After characterizing the alterobactins, the 2nd siderophores we identified from an open ocean bacterial isolate was the well-known terrestrial siderophore, aerobactin (Figure 1) [17]. As a result of the discovery of a common siderophore, we very nearly stopped the project, except that we were also working simultaneously on a series of siderophores from other open ocean isolates that had masses varying by 2 or 28 mass units. The close but distinct retention times on the HPLC of these compounds suggested they were related and possibly indicative of desaturation and variation by -CH2-CH22-, respectively, such as could occur in fatty acids. This mass variation turned out to be due to a suite of peptidic siderophores with a series of a fatty acid appendages, as shown for the first two suites of peptidic amphiphilic siderophores we isolated, the marinobactins and aquachelins (Figure 3) [15]. Thus, we didn’t abandon our investigations into marine microbial siderophores.

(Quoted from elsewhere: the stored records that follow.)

(* Let $P, Q \subseteq \mathbb{R}^d$ be polytopes such that $L_P(s) = L_Q(s)$ for all real $s \ge 0$. Then $L_{\operatorname{ppyr} P}(s) = L_{\operatorname{ppyr} Q}(s)$ for all real $s \ge 0$.
   Context: For a polytope $P \subseteq \mathbb{R}^d$ and real $s \ge 0$, $L_P(s) = \#(sP \cap \mathbb{Z}^d)$, where $sP = \{sx : x \in P\}$ (so $0P=\{0\}$ and $L_P(0)=1$). The pseudopyramid of $P$ is $\operatorname{ppyr}(P) = \operatorname{conv}(P \cup \{0\}) = \bigcup_{0 \le \lambda \le 1} \lambda P$. *)

theory Defs
  imports "HOL-Analysis.Analysis"
begin

definition lattice_points :: "(real ^ 'n) set" where
  "lattice_points = {x. \<forall>i. x $ i \<in> \<int>}"

definition dilate :: "real \<Rightarrow> (real ^ 'n) set \<Rightarrow> (real ^ 'n) set" where
  "dilate s P = (if s = 0 then {0} else (\<lambda>x. s *\<^sub>R x) ` P)"

definition lattice_count :: "(real ^ 'n) set \<Rightarrow> real \<Rightarrow> nat" where
  "lattice_count P s = card (dilate s P \<inter> lattice_points)"

definition ppyr :: "(real ^ 'n) set \<Rightarrow> (real ^ 'n) set" where
  "ppyr P = convex hull (P \<union> {0})"

end

theory Submission
  imports Defs
begin

text \<open>
  For a compact convex \<open>P\<close> and a lattice point \<open>x \<noteq> 0\<close>, the times \<open>t \<in> (0, s]\<close> with
  \<open>x \<in> tP\<close> form a closed interval, and \<open>x \<in> s ppyr(P)\<close> iff this interval is nonempty.
  Hence \<open>L_ppyr(P)(s) - 1\<close> counts these intervals, i.e.\ their left endpoints. If \<open>\<delta>\<close> is
  smaller than all gaps between endpoints, the number of intervals starting at \<open>e\<close> is
  \<open>L_P(e) - L_P(e - \<delta>)\<close>. Summing over the endpoints of both \<open>P\<close> and \<open>Q\<close> writes
  \<open>L_ppyr(P)(s)\<close> and \<open>L_ppyr(Q)(s)\<close> as the same expression in values of \<open>L_P = L_Q\<close>.
\<close>

lemma card_eq_sum_left_endpoint_jumps:
  fixes a b :: "'a \<Rightarrow> real"
  assumes "finite S" "finite E"
    and ab: "\<And>x. x \<in> S \<Longrightarrow> a x \<le> b x \<and> a x \<in> E \<and> b x \<in> E"
    and gap: "\<And>e e'. e \<in> E \<Longrightarrow> e' \<in> E \<Longrightarrow> e' < e \<Longrightarrow> e' < e - \<delta>"
    and "\<delta> > 0"
  shows "int (card S) =
    (\<Sum>e\<in>E. int (card {x\<in>S. e \<in> {a x..b x}}) - int (card {x\<in>S. e - \<delta> \<in> {a x..b x}}))"
proof -
  have jump: "int (card {x\<in>S. e \<in> {a x..b x}}) - int (card {x\<in>S. e - \<delta> \<in> {a x..b x}})
      = int (card {x\<in>S. a x = e})" if "e \<in> E" for e
  proof -
    define now where "now = {x\<in>S. e \<in> {a x..b x}}"
    define before where "before = {x\<in>S. e - \<delta> \<in> {a x..b x}}"
    have "before \<subseteq> now"
      unfolding before_def now_def using ab gap[OF that] \<open>\<delta> > 0\<close> by fastforce
    moreover have "now - before = {x\<in>S. a x = e}"
      unfolding before_def now_def using ab gap[OF that] \<open>\<delta> > 0\<close> by force
    moreover have "finite now"
      unfolding now_def using \<open>finite S\<close> by simp
    ultimately show ?thesis
      unfolding now_def[symmetric] before_def[symmetric]
      by (metis card_Diff_subset card_mono finite_subset of_nat_diff)
  qed
  have "(\<Sum>e\<in>E. int (card {x\<in>S. e \<in> {a x..b x}}) - int (card {x\<in>S. e - \<delta> \<in> {a x..b x}}))
      = (\<Sum>e\<in>E. \<Sum>x\<in>{x\<in>S. a x = e}. 1)"
    using jump by simp
  also have "\<dots> = (\<Sum>x\<in>S. 1)"
    using assms(1,2) ab by (intro sum.group) auto
  finally show ?thesis by simp
qed

lemma obtain_uniform_gap:
  fixes E :: "real set"
  assumes "finite E" "E \<subseteq> {0<..}"
  obtains \<delta> where "0 < \<delta>" "E \<subseteq> {\<delta><..}"
    and "\<And>e e'. e \<in> E \<Longrightarrow> e' \<in> E \<Longrightarrow> e' < e \<Longrightarrow> e' < e - \<delta>"
proof -
  define D where "D = insert 1 (E \<union> (\<lambda>(e, e'). e - e') ` {(e, e') \<in> E \<times> E. e' < e})"
  have "finite D"
    unfolding D_def using assms(1) by (auto intro: finite_subset[of _ "E \<times> E"])
  moreover have "\<forall>d\<in>D. d > 0"
    unfolding D_def using assms(2) by auto
  ultimately have "Min D > 0"
    by (simp add: D_def)
  have "Min D \<le> e - e'" if "e \<in> E" "e' \<in> E" "e' < e" for e e'
    using \<open>finite D\<close> that by (intro Min_le) (auto simp: D_def image_iff)
  moreover have "Min D \<le> e" if "e \<in> E" for e
    using \<open>finite D\<close> that by (simp add: D_def)
  ultimately show ?thesis
    using \<open>Min D > 0\<close> by (intro that[of "Min D / 2"]) fastforce+
qed

lemma mem_dilate_iff:
  assumes "t > 0"
  shows "x \<in> dilate t P \<longleftrightarrow> inverse t *\<^sub>R x \<in> P"
proof
  assume "x \<in> dilate t P"
  then show "inverse t *\<^sub>R x \<in> P"
    using assms by (auto simp: dilate_def)
next
  assume "inverse t *\<^sub>R x \<in> P"
  moreover have "x = t *\<^sub>R (inverse t *\<^sub>R x)"
    using assms by simp
  ultimately show "x \<in> dilate t P"
    using assms unfolding dilate_def by (metis image_eqI less_irrefl)
qed

lemma norm_le_of_mem_dilate:
  assumes "0 < t" "\<And>p. p \<in> P \<Longrightarrow> norm p \<le> R" "x \<in> dilate t P"
  shows "norm x \<le> R * t"
proof -
  have "inverse t *\<^sub>R x \<in> P"
    using assms(1,3) by (simp only: mem_dilate_iff)
  then have "norm (inverse t *\<^sub>R x) \<le> R"
    using assms(2) by blast
  then have "norm x / t \<le> R"
    using assms(1) by (simp add: divide_inverse mult.commute)
  then show ?thesis
    using assms(1) by (simp add: divide_le_eq)
qed

lemma zero_in_lattice_points: "0 \<in> lattice_points"
  unfolding lattice_points_def by simp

Suites of Amphiphilic Siderophores
Suites of siderophores with fatty acid appendages dominated the next set of siderophores we isolated from marine bacteria, with the discovery of the amphibactins (Figure 4) [18], which are rather hydrophobic with only four amino acids in the head group with a wide range in fatty acid appendages [18].

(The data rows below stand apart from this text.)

(* Let $p,q\in\mathbb{N}$ be coprime, $k\in\mathbb{N}$ squarefree, $m=-pk$, $n=qk$, and let $T$ be the torsion subgroup of $E(m,n)(\mathbb{Q})$, where $E(m,n)$ is the elliptic curve $y^2=x(x+m)(x+n)$. (i) If $T\cong\mathbb{Z}/2\times\mathbb{Z}/4$ or $T\cong\mathbb{Z}/2\times\mathbb{Z}/8$, then $k=1$. (ii) If $T\cong\mathbb{Z}/2\times\mathbb{Z}/6$, then $k=1$ or $k=3$.
   Context: $E(m,n)$ is the elliptic curve $y^2=x(x+m)(x+n)$ over $\mathbb{Q}$ with neutral element the point at infinity. *)

theory Defs
  imports "HOL-Algebra.Algebra" "HOL-Computational_Algebra.Squarefree"
begin

text \<open>Rational points of E(m,n): y^2 = x(x+m)(x+n) = x^3 + (m+n) x^2 + m n x.
  Points are represented as (rat \<times> rat) option, None being the point at infinity.\<close>

definition on_curve :: "int \<Rightarrow> int \<Rightarrow> rat \<times> rat \<Rightarrow> bool" where
  "on_curve m n P = (case P of (x, y) \<Rightarrow>
      y^2 = x * (x + of_int m) * (x + of_int n))"

definition ec_add :: "int \<Rightarrow> int \<Rightarrow> (rat \<times> rat) option \<Rightarrow> (rat \<times> rat) option \<Rightarrow> (rat \<times> rat) option" where
  "ec_add m n P Q = (case P of None \<Rightarrow> Q | Some (x1, y1) \<Rightarrow>
     (case Q of None \<Rightarrow> P | Some (x2, y2) \<Rightarrow>
       (if x1 = x2 \<and> y1 = - y2 then None
        else
          (let a2 = of_int (m + n); a4 = of_int (m * n);
               l = (if x1 = x2 then (3 * x1^2 + 2 * a2 * x1 + a4) / (2 * y1)
                    else (y2 - y1) / (x2 - x1));
               x3 = l^2 - a2 - x1 - x2;
               y3 = l * (x1 - x3) - y1
           in Some (x3, y3)))))"

definition E_group :: "int \<Rightarrow> int \<Rightarrow> (rat \<times> rat) option monoid" where
  "E_group m n = \<lparr> carrier = insert None (Some ` {P. on_curve m n P}),
                   monoid.mult = ec_add m n, one = None \<rparr>"

definition torsion_points :: "int \<Rightarrow> int \<Rightarrow> (rat \<times> rat) option set" where
  "torsion_points m n = {P \<in> carrier (E_group m n).
      \<exists>k::nat. k > 0 \<and> P [^]\<^bsub>E_group m n\<^esub> k = \<one>\<^bsub>E_group m n\<^esub>}"

definition E_torsion :: "int \<Rightarrow> int \<Rightarrow> (rat \<times> rat) option monoid" where
  "E_torsion m n = (E_group m n)\<lparr>carrier := torsion_points m n\<rparr>"

end

theory Submission
  imports Defs
begin

(* Let m = -pk, n = qk and let T be the torsion subgroup of E(m,n)(Q), assumed isomorphic to
   Z/2 x Z/N through some phi.
   (i) N = 4 or 8: Z/N has an element of order four, so T contains a point P = (x, y), y <> 0,
       whose double is a 2-torsion point (e, 0).  Two-descent (x(2P) - e_i is a square for each
       root e_i) shows that e, e + m, e + n are squares; the sign pattern m < 0 < n forces
       e = -m = pk, so pk and (p + q)k are integer squares and a prime dividing the squarefree
       k would divide both p and q.
   (ii) N = 6: T contains P with 2P = -P.  Then x(P) is a root of the 3-division quartic, and
       since P = 2(-P) also x, x + m, x + n are squares.  Writing x = k s/t in lowest terms, the
       rational root test gives t | 3, and every prime l <> 3 of k divides s, p and q.
   Defs only provides the chord-tangent formulas, not a proof that they form a group, so to
   transport points along phi we need that doubling keeps torsion points torsion.  This follows
   from the special associativity law Z + 2P = (Z + P) + P, proved for an arbitrary nonsingular
   curve y^2 = x^3 + a x^2 + b x + c by translating P to (0, w) and computing explicitly. *)

definition wadd :: "rat \<Rightarrow> rat \<Rightarrow> (rat \<times> rat) option \<Rightarrow> (rat \<times> rat) option \<Rightarrow> (rat \<times> rat) option" where
  "wadd a b P Q = (case P of None \<Rightarrow> Q | Some (x1, y1) \<Rightarrow>
     (case Q of None \<Rightarrow> P | Some (x2, y2) \<Rightarrow>
       (if x1 = x2 \<and> y1 = - y2 then None
        else
          (let l = (if x1 = x2 then (3 * x1^2 + 2 * a * x1 + b) / (2 * y1)
                    else (y2 - y1) / (x2 - x1));
               x3 = l^2 - a - x1 - x2
           in Some (x3, l * (x1 - x3) - y1)))))"

definition wpoints :: "rat \<Rightarrow> rat \<Rightarrow> rat \<Rightarrow> (rat \<times> rat) option set" where
  "wpoints a b c = insert None (Some ` {(x, y). y^2 = x^3 + a*x^2 + b*x + c})"

lemma wadd_None_left [simp]: "wadd a b None Q = Q"
  by (simp add: wadd_def)

lemma wadd_None_right [simp]: "wadd a b P None = P"
  by (cases P) (auto simp: wadd_def)

lemma wpoints_Some [simp]: "Some (x, y) \<in> wpoints a b c \<longleftrightarrow> y^2 = x^3 + a*x^2 + b*x + c"
  by (auto simp: wpoints_def)

lemma wpoints_None [simp]: "None \<in> wpoints a b c"
  by (simp add: wpoints_def)

lemma wadd_opposite: "x1 = x2 \<Longrightarrow> y1 = - y2 \<Longrightarrow> wadd a b (Some (x1, y1)) (Some (x2, y2)) = None"
  by (simp add: wadd_def)

lemma wadd_tangent:
  "y \<noteq> 0 \<Longrightarrow> l = (3*x^2 + 2*a*x + b) / (2*y) \<Longrightarrow>
   wadd a b (Some (x, y)) (Some (x, y)) = Some (l^2 - (a + x + x), l * (x - (l^2 - (a + x + x))) - y)"
  by (simp add: wadd_def Let_def diff_diff_eq)

lemma wadd_chord:
  "x1 \<noteq> x2 \<Longrightarrow> l = (y2 - y1) / (x2 - x1) \<Longrightarrow>
   wadd a b (Some (x1, y1)) (Some (x2, y2)) = Some (l^2 - (a + x1 + x2), l * (x1 - (l^2 - (a + x1 + x2))) - y1)"
  by (simp add: wadd_def Let_def diff_diff_eq)

definition tangent_slope :: "rat \<Rightarrow> rat \<Rightarrow> rat \<Rightarrow> rat \<Rightarrow> rat" where
  "tangent_slope a b x y = (3*x^2 + 2*a*x + b) / (2*y)"

lemma wadd_Some:
  "wadd a b (Some (x1, y1)) (Some (x2, y2)) = (if x1 = x2 \<and> y1 = -y2 then None else
     (let l = (if x1 = x2 then tangent_slope a b x1 y1 else (y2 - y1) / (x2 - x1))
      in Some (l^2 - a - x1 - x2, l * (x1 - (l^2 - a - x1 - x2)) - y1)))"
  by (simp add: wadd_def tangent_slope_def Let_def)

lemma wadd_commute:
  assumes "Some (x1, y1) \<in> wpoints a b c" and "Some (x2, y2) \<in> wpoints a b c"
  shows "wadd a b (Some (x1, y1)) (Some (x2, y2)) = wadd a b (Some (x2, y2)) (Some (x1, y1))"
proof (cases "x1 = x2")
  case True
  hence "y1^2 = y2^2" using assms by simp
  hence "y1 = y2 \<or> y1 = -y2" by (simp add: power2_eq_iff)
  thus ?thesis using True by (auto simp: wadd_def)
next
  case False
  define l where "l = (y2 - y1) / (x2 - x1)"
  have l': "l = (y1 - y2) / (x1 - x2)" using False by (simp add: l_def field_simps)
  have "l * (x1 - x2) = y1 - y2" using False by (simp add: l_def field_simps)
  hence y: "l * (x1 - (l^2 - (a + x1 + x2))) - y1 = l * (x2 - (l^2 - (a + x1 + x2))) - y2"
    by (simp add: algebra_simps)
  have sum: "a + x2 + x1 = a + x1 + x2" by simp
  have "x2 \<noteq> x1" using False by simp
  note flipped = wadd_chord[OF this l', of a b, unfolded sum]
  show ?thesis unfolding flipped wadd_chord[OF False l_def] y ..
qed

definition wneg :: "(rat \<times> rat) option \<Rightarrow> (rat \<times> rat) option" where
  "wneg P = map_option (\<lambda>(x, y). (x, -y)) P"

lemma wneg_simps [simp]: "wneg None = None" "wneg (Some (x, y)) = Some (x, -y)"
  by (simp_all add: wneg_def)

lemma wneg_wpoints: "P \<in> wpoints a b c \<Longrightarrow> wneg P \<in> wpoints a b c"
  by (cases P) auto

lemma wadd_wneg: "wadd a b (wneg P) (wneg Q) = wneg (wadd a b P Q)"
proof (cases "P = None \<or> Q = None")
  case False
  then obtain x1 y1 x2 y2 where "P = Some (x1, y1)" "Q = Some (x2, y2)" by auto
  moreover have "tangent_slope a b x (-y) = - tangent_slope a b x y" for x y
    by (simp add: tangent_slope_def)
  moreover have "(y1 - y2) / (x2 - x1) = - ((y2 - y1) / (x2 - x1))"
    by (simp add: minus_divide_left)
  ultimately show ?thesis by (auto simp: wadd_Some Let_def)
qed auto

lemma wadd_wneg_self: "wadd a b P (wneg P) = None"
  by (cases P) (auto simp: wadd_Some)

text \<open>Translation x \<mapsto> x - h moves the curve y^2 = f(x) to y^2 = f(x + h) and commutes
  with the chord-tangent law; this lets us put any given point at x = 0.\<close>

definition wshift :: "rat \<Rightarrow> (rat \<times> rat) option \<Rightarrow> (rat \<times> rat) option" where
  "wshift h P = map_option (\<lambda>(x, y). (x - h, y)) P"

lemma wshift_simps [simp]: "wshift h None = None" "wshift h (Some (x, y)) = Some (x - h, y)"
  by (simp_all add: wshift_def)

lemma wshift_inj: "wshift h P = wshift h Q \<Longrightarrow> P = Q"
  by (cases P; cases Q) auto

lemma wshift_wshift [simp]: "wshift (-h) (wshift h P) = P"
  by (cases P) auto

Subsequent discoveries of families of fatty acyl siderophores with variation in the fatty acid included loihichelins [19], moanachelins [20], and pacifibactins [21]. We also discovered citrate derived siderophores, such as the ochrobactins (Figure 4) in which fatty acids replaced the acetyl group of aerobactin (Figure 1), as well as the amphi-enterobactins (Figure 4) which are expanded version of enterobactin (Figure 1). The tri-Ser macrolactone core of enterobactin is expanded to a tetra-Ser core with a series of fatty acids appended to one of the Ser amines in the amphi-enterobactins [22], but they are also sufficiently hydrophobic that they require extraction from the bacterial pellet.
The fatty acid may serve as a means for the bacterium to retain its siderophore and to limit diffusion. In general investigations on fatty acyl siderophore partitioning into membranes, we found that siderophores with longer fatty acids partitioned to a much greater extent but also that the Fe(III) complexes of the amphiphilic siderophores partitioned less into membranes than the apo siderophore, which suggests a possible functional significance in the recognition and uptake process for Fe(III)-siderophores [23,24].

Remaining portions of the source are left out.